BEGIN
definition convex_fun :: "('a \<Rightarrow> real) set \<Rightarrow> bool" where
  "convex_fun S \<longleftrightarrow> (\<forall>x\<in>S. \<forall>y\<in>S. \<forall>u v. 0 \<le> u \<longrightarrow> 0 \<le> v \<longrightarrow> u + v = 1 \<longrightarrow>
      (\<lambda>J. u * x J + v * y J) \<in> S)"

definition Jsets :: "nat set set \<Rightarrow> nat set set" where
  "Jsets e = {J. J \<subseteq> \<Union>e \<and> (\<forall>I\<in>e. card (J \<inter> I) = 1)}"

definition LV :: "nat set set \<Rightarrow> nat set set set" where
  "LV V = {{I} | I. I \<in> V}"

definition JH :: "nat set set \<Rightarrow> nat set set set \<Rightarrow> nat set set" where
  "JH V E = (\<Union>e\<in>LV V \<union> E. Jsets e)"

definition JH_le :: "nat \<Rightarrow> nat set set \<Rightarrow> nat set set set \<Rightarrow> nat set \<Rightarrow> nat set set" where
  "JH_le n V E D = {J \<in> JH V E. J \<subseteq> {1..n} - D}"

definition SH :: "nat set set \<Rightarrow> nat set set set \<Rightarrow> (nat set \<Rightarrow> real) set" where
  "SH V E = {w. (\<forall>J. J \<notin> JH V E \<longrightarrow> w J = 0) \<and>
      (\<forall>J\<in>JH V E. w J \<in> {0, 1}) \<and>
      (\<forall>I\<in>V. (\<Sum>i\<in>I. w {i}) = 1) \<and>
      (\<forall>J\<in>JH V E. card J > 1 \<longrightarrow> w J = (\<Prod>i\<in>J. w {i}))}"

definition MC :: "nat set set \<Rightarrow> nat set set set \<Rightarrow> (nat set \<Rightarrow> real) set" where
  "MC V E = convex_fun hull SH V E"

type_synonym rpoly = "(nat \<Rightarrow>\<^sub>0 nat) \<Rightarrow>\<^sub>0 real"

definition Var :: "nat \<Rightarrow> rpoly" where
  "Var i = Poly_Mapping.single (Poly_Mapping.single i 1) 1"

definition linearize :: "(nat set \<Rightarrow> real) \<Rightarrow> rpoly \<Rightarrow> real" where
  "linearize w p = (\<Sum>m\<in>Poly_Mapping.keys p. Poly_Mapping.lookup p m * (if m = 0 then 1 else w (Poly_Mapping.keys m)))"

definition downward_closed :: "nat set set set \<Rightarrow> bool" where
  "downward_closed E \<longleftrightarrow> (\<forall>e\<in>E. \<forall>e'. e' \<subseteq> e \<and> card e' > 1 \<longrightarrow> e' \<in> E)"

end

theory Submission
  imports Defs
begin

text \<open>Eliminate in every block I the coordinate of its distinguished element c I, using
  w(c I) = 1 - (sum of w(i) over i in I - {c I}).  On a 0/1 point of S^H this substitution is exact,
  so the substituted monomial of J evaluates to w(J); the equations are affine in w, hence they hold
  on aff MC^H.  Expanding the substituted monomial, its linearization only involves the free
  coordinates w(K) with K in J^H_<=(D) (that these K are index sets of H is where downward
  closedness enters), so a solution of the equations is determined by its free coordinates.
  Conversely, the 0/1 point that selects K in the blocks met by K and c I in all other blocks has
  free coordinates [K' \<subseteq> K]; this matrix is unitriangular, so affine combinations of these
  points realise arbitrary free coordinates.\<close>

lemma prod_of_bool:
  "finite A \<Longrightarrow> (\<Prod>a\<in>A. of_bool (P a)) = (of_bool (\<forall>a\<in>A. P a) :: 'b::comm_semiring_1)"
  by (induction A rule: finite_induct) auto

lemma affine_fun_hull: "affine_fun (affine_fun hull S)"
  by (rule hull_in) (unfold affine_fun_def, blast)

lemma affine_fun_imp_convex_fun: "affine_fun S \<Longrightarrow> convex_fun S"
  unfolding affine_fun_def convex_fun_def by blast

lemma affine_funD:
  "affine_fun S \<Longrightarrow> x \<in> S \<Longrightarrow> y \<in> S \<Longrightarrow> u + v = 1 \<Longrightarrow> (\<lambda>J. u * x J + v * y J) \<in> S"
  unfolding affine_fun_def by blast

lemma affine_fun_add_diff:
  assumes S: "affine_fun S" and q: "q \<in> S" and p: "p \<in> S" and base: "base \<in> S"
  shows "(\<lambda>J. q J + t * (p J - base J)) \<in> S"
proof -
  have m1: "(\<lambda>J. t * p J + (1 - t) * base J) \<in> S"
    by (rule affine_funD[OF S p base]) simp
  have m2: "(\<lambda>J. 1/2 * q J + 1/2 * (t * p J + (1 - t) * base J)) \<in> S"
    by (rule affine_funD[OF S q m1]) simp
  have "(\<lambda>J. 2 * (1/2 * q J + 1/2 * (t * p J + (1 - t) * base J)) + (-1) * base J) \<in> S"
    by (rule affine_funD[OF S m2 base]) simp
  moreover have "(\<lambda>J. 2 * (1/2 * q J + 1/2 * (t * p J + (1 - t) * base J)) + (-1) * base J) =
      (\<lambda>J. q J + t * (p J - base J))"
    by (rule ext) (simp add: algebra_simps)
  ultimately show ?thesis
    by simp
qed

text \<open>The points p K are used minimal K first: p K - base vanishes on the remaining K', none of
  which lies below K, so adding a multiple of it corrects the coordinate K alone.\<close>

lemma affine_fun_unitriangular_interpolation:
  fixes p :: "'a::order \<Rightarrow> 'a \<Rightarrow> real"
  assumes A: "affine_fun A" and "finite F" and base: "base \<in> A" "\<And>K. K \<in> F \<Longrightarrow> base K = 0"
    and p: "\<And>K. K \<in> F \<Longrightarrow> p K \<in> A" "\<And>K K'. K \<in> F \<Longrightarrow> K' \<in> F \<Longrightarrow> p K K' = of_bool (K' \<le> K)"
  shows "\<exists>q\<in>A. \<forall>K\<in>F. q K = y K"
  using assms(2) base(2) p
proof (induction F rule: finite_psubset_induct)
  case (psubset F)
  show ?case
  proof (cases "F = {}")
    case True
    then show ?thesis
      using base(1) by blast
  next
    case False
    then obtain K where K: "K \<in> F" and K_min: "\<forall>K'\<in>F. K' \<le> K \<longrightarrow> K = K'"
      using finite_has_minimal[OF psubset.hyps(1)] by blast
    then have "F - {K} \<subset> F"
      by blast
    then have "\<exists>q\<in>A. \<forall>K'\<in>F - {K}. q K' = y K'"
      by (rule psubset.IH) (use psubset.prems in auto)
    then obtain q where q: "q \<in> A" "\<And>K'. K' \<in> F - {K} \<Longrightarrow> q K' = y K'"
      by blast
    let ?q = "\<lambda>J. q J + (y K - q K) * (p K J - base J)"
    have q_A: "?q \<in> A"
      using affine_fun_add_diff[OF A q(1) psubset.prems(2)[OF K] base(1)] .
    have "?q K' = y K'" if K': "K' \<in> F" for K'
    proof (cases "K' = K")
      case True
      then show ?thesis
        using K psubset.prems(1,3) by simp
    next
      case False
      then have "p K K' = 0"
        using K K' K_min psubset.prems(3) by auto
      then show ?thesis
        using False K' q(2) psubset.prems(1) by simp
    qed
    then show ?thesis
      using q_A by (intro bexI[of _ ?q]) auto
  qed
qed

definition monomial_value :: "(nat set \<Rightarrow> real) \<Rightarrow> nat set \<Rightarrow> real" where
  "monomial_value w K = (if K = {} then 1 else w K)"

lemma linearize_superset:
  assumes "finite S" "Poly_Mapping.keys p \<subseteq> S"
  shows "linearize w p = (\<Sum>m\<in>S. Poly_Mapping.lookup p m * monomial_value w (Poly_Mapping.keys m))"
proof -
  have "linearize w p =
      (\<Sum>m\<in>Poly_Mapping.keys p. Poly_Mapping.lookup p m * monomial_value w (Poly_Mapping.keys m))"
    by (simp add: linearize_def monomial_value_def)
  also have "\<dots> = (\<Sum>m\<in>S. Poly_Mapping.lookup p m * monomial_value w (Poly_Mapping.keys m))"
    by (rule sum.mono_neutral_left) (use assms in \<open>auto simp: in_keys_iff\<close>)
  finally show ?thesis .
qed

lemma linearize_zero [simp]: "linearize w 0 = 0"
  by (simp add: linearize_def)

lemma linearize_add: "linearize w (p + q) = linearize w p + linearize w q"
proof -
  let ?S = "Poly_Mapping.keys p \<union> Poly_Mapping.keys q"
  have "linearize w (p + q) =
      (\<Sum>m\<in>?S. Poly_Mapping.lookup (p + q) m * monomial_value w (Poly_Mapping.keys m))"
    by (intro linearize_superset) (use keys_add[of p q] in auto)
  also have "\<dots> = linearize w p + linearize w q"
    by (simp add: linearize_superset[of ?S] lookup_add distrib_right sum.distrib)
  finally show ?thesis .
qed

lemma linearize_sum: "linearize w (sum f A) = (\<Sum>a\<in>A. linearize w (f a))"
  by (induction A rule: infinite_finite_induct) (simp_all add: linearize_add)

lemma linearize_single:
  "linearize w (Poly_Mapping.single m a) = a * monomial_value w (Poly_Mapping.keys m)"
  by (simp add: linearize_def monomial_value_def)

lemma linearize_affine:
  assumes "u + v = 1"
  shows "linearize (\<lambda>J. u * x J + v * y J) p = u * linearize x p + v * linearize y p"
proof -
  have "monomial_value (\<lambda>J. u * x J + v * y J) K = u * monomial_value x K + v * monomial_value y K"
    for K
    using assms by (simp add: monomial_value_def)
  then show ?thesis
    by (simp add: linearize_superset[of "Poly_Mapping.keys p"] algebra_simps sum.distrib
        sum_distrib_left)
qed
END
**Your instructions**.
Print the listing above from its first line through the line with "(\<forall>I\<in>V. (\<Sum>i\<in>I. w", and stop there.

**Response**.
definition convex_fun :: "('a \<Rightarrow> real) set \<Rightarrow> bool" where
  "convex_fun S \<longleftrightarrow> (\<forall>x\<in>S. \<forall>y\<in>S. \<forall>u v. 0 \<le> u \<longrightarrow> 0 \<le> v \<longrightarrow> u + v = 1 \<longrightarrow>
      (\<lambda>J. u * x J + v * y J) \<in> S)"

definition Jsets :: "nat set set \<Rightarrow> nat set set" where
  "Jsets e = {J. J \<subseteq> \<Union>e \<and> (\<forall>I\<in>e. card (J \<inter> I) = 1)}"

definition LV :: "nat set set \<Rightarrow> nat set set set" where
  "LV V = {{I} | I. I \<in> V}"

definition JH :: "nat set set \<Rightarrow> nat set set set \<Rightarrow> nat set set" where
  "JH V E = (\<Union>e\<in>LV V \<union> E. Jsets e)"

definition JH_le :: "nat \<Rightarrow> nat set set \<Rightarrow> nat set set set \<Rightarrow> nat set \<Rightarrow> nat set set" where
  "JH_le n V E D = {J \<in> JH V E. J \<subseteq> {1..n} - D}"

definition SH :: "nat set set \<Rightarrow> nat set set set \<Rightarrow> (nat set \<Rightarrow> real) set" where
  "SH V E = {w. (\<forall>J. J \<notin> JH V E \<longrightarrow> w J = 0) \<and>
      (\<forall>J\<in>JH V E. w J \<in> {0, 1}) \<and>
      (\<forall>I\<in>V. (\<Sum>i\<in>I. w {i}) = 1) \<and>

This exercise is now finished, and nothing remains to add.